Ser branco, preto, alto, baixo, gordo, magro; ser português ou árabe; gostar do azul, do cor-de-rosa ou do vermelho; ser “especial”, andar a pé ou usar uma cadeira de rodas; falar português, espanhol ou inglês; usar ou não roupas com brilhantes; gostar ou não de jogar à bola… São tantas e tantas as caraterísticas que nos distinguem uns dos outros. Afinal, o que é isso de ser diferente? É bom ou mau?
Este foi o tema que os alunos das escolas básicas do Bom Sucesso e Gomes Teixeira, no Porto, abordaram durante quatro meses, através do diálogo e de diferentes artes. O resultado desses trabalhos foi apresentado na Biblioteca Municipal Almeida Garrett, numa conferência intitulada “Diferenças na escola: o ponto de vista da criança”.
Professora na EB1 do Bom Sucesso, Cristina Alves confrontou-se com um problema quando a turma de que é titular acolheu dois alunos oriundos de outros países e com diferente cor de pele. Para dar melhor resposta às queixas de discriminação que ia recebendo, sentiu a necessidade de abordar o tema da diferença com os seus alunos, mas logo percebeu que, sendo este um problema que engloba toda a escola, teria de estender as preocupações a outros professores, no sentido de concertarem estratégias de intervenção.
Para combater as desigualdades na escola era preciso promover o diálogo entre os alunos. Assim, desde fevereiro, as turmas participaram em diversas atividades, conjuntas e isoladas, explorando o tema também através das artes: música, dramatização, artes plásticas, literatura e poesia. “O problema não está solucionado, mas os alunos estão sensibilizados e dialogaram sobre o assunto. E, de facto, à medida que o tema ia sendo tratado, deixei de receber tantas queixas de atitudes discriminatórias, nomeadamente racial, que foi a que deu início ao problema. E em vez de ter alunos que se agrupariam aos elementos desafiadores comecei a ter grupos unidos a bem de um entendimento e da aceitação das diferenças. No fundo, eles veem a diferença não como algo que diminui a pessoa humana, mas como algo onde se podem encontrar muitas potencialidades, coisas boas”, referiu à PÁGINA a também coordenadora científica e organizadora da iniciativa.

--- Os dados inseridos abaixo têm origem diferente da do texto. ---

(* Mumbling $H_\mu$ with unique mumbling and basis $\mathit{LTL}$ is at least as expressive as stuttering $H_\mu$ with unique stuttering and basis $\mathit{LTL}$; and mumbling $H_\mu$ with unique mumbling and full basis is at least as expressive as stuttering $H_\mu$ with unique stuttering and full basis.
   Context: Fix a finite set $\mathit{AP}$. A trace is an infinite sequence $P_0m_0P_1m_1\dots$ with $P_i\subseteq\mathit{AP}$, $m_i\in\{\mathit{int},\mathit{call},\mathit{ret}\}$; $\mathit{tr}(i)=P_i$. Successor functions: $\mathit{succ}_\mathsf{g}(\mathit{tr},i)=i+1$; $\mathit{succ}_\mathsf{a}(\mathit{tr},i)=i+1$ if $m_i=\mathit{int}$, and if $m_i=\mathit{call}$ the least $j>i$ such that among $m_i,\dots,m_{j-1}$ the numbers of $\mathit{call}$ and $\mathit{ret}$ coincide (undefined if none), undefined if $m_i=\mathit{ret}$; $\mathit{succ}_\mathsf{c}(\mathit{tr},i)$ the largest $j<i$ with $m_j=\mathit{call}$ such that among $m_{j+1},\dots,m_{i-1}$ the numbers of $\mathit{call}$ and $\mathit{ret}$ coincide (undefined if none). Mumbling $H_\mu$: trace formulae $\delta ::= \mathit{ap}\mid Y\mid\delta\lor\delta\mid\lnot\delta\mid\bigcirc^\mathsf{f}\delta\mid\mu Y.\delta$ ($\mathsf{f}\in\{\mathsf{g},\mathsf{a},\mathsf{c}\}$); multitrace formulae $\psi ::= [\delta]_\pi\mid X\mid\psi\lor\psi\mid\lnot\psi\mid\bigcirc^\Delta\psi\mid\mu X.\psi$ with $\Delta$ mapping trace variables to trace formulae; hyperproperty formulae $\varphi ::= \exists\pi.\varphi\mid\forall\pi.\varphi\mid\psi$; fixpoint variables occur positively; closed = all variables bound. Trace semantics $\llbracket\delta\rrbracket^{\mathit{tr}}_{\mathcal{V}}\subseteq\mathbb{N}_0$: $\mathit{ap}\mapsto\{i\mid\mathit{ap}\in\mathit{tr}(i)\}$, $Y\mapsto\mathcal{V}(Y)$, union, complement, $\bigcirc^\mathsf{f}\delta\mapsto\{i\mid\mathit{succ}_\mathsf{f}(\mathit{tr},i)$ defined and in $\llbracket\delta\rrbracket\}$, $\mu Y.\delta\mapsto\bigcap\{I\mid\llbracket\delta\rrbracket_{\mathcal{V}[Y\mapsto I]}\subseteq I\}$. $\mathit{succ}_\delta(\mathit{tr},i)=\min\{j>i\mid j\in\llbracket\delta\rrbracket^{\mathit{tr}}\}$ if nonempty, else $i+1$; $\mathit{succ}_\Delta(\Pi,v)$ componentwise for a trace assignment $\Pi$ on $\pi_1,\dots,\pi_n$. $\llbracket\psi\rrbracket^\Pi_{\mathcal{W}}\subseteq\mathbb{N}_0^n$: $[\delta]_{\pi_j}\mapsto\{v\mid v_j\in\llbracket\delta\rrbracket^{\Pi(\pi_j)}\}$, $X\mapsto\mathcal{W}(X)$, Boolean as usual, $\bigcirc^\Delta\psi\mapsto\{v\mid\mathit{succ}_\Delta(\Pi,v)\in\llbracket\psi\rrbracket\}$, $\mu X$ least fixpoint. $\Pi\models_\mathcal{T}\exists\pi.\varphi$ iff some $\mathit{tr}\in\mathcal{T}$ gives $\Pi[\pi\mapsto\mathit{tr}]\models_\mathcal{T}\varphi$; $\forall$ for all; $\Pi\models_\mathcal{T}\psi$ iff $(0,\dots,0)\in\llbracket\psi\rrbracket^\Pi$. For closed $\varphi$ and a set of traces $\mathcal{T}$, $\mathcal{T}\models\varphi$ iff the empty assignment satisfies $\varphi$ over $\mathcal{T}$. Stuttering $H_\mu$ is identical except that multitrace next operators are $\bigcirc^\Gamma\psi$ with $\Gamma$ mapping each trace variable to a finite set of trace formulae; for a finite set $\gamma$, $\mathit{succ}_\gamma(\mathit{tr},i)=\min\{j>i\mid$ for some $\delta\in\gamma$: $i\in\llbracket\delta\rrbracket^{\mathit{tr}}\not\Leftrightarrow j\in\llbracket\delta\rrbracket^{\mathit{tr}}\}$ if nonempty, else $i+1$; $\mathit{succ}_\Gamma$ componentwise and $\llbracket\bigcirc^\Gamma\psi\rrbracket=\{v\mid\mathit{succ}_\Gamma(\Pi,v)\in\llbracket\psi\rrbracket\}$. Fragments: unique mumbling (resp. unique stuttering) means all multitrace next operators of the formula use the same $\Delta$ (resp. $\Gamma$). The base formulae of $\varphi$ are the trace formulae occurring in tests $[\delta]_\pi$ or as values $\Delta(\pi)$ (resp. as elements of sets $\Gamma(\pi)$); the formula has basis $\mathcal{B}$ if all its base formulae lie in $\mathcal{B}$; full basis means no restriction. Basis $\mathit{LTL}$ is the set of LTL formulae: trace formulae built from atomic propositions using $\lnot$, $\lor$, $\bigcirc^\mathsf{g}$ and $\delta_1\,\mathcal{U}\,\delta_2:=\mu Y.(\delta_2\lor(\delta_1\land\bigcirc^\mathsf{g}Y))$ as the only fixpoint construct. Logic $L_1$ is at least as expressive as logic $L_2$ if for every closed hyperproperty formula $\varphi$ of $L_2$ there is a closed hyperproperty formula $\varphi'$ of $L_1$ such that for all sets of traces $\mathcal{T}$, $\mathcal{T}\models\varphi$ iff $\mathcal{T}\models\varphi'$. *)

theory Defs
  imports Main
begin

Uma casa onde todos cabem. Na conferência, os alunos tiveram oportunidade de partilhar os seus trabalhos, de apresentar números musicais e momentos literários e de dar voz às suas opiniões, condensadas numa reportagem em vídeo. Era importante dar voz às crianças, saber o que pensam sobre este tema, fazer com que fossem ouvidas e “ouvirem-se a elas próprias”. E ainda dar uma visão global do que foi feito, no sentido de valorizar esta questão. “O importante disto tudo é a promoção do diálogo e a desmistificação da palavra ‘diferença’, esse monstro que é e que existe de facto.”
A inclusão e a escola inclusiva são temas que têm vindo a ganhar cada vez mais força no sistema educativo nacional. É preciso que os alunos também entendam estes assuntos, porque é o desconhecimento e a generalização que muitas vezes gera preconceitos. “É um assunto global, mas para nós compreendermos a globalidade das coisas, primeiro, temos de nos situar a nós próprios. Se as crianças não se situarem nem tiverem uma ideia do que se está a passar à sua volta, também não vão ter opinião, não vão tomar uma decisão sobre o que se passa”, considera a docente, acrescentando que a escola tem um “papel fundamental” neste caminho contra as diferenças, porque “não existe espaço nenhum do mundo com tanta diversidade cultural como a escola”.
A conferência foi mais direcionada para a questão étnica e racial, talvez porque as diferenças são mais óbvias, mas abriu um espaço de reflexão que pode ser alargado a outros temas. “A direção dos diálogos e da conversação foi, no caso, para diferenças mais concretas e visíveis. Mas daqui pode-se extrapolar para outros níveis, nomeadamente para a questão do bullying.”
Daí que a realização de uma segunda conferência seja uma possibilidade. É que no combate às diferenças – ou ao conceito negativo do que é ser diferente – nunca é demais mostrar que a escola é uma casa onde todos cabem.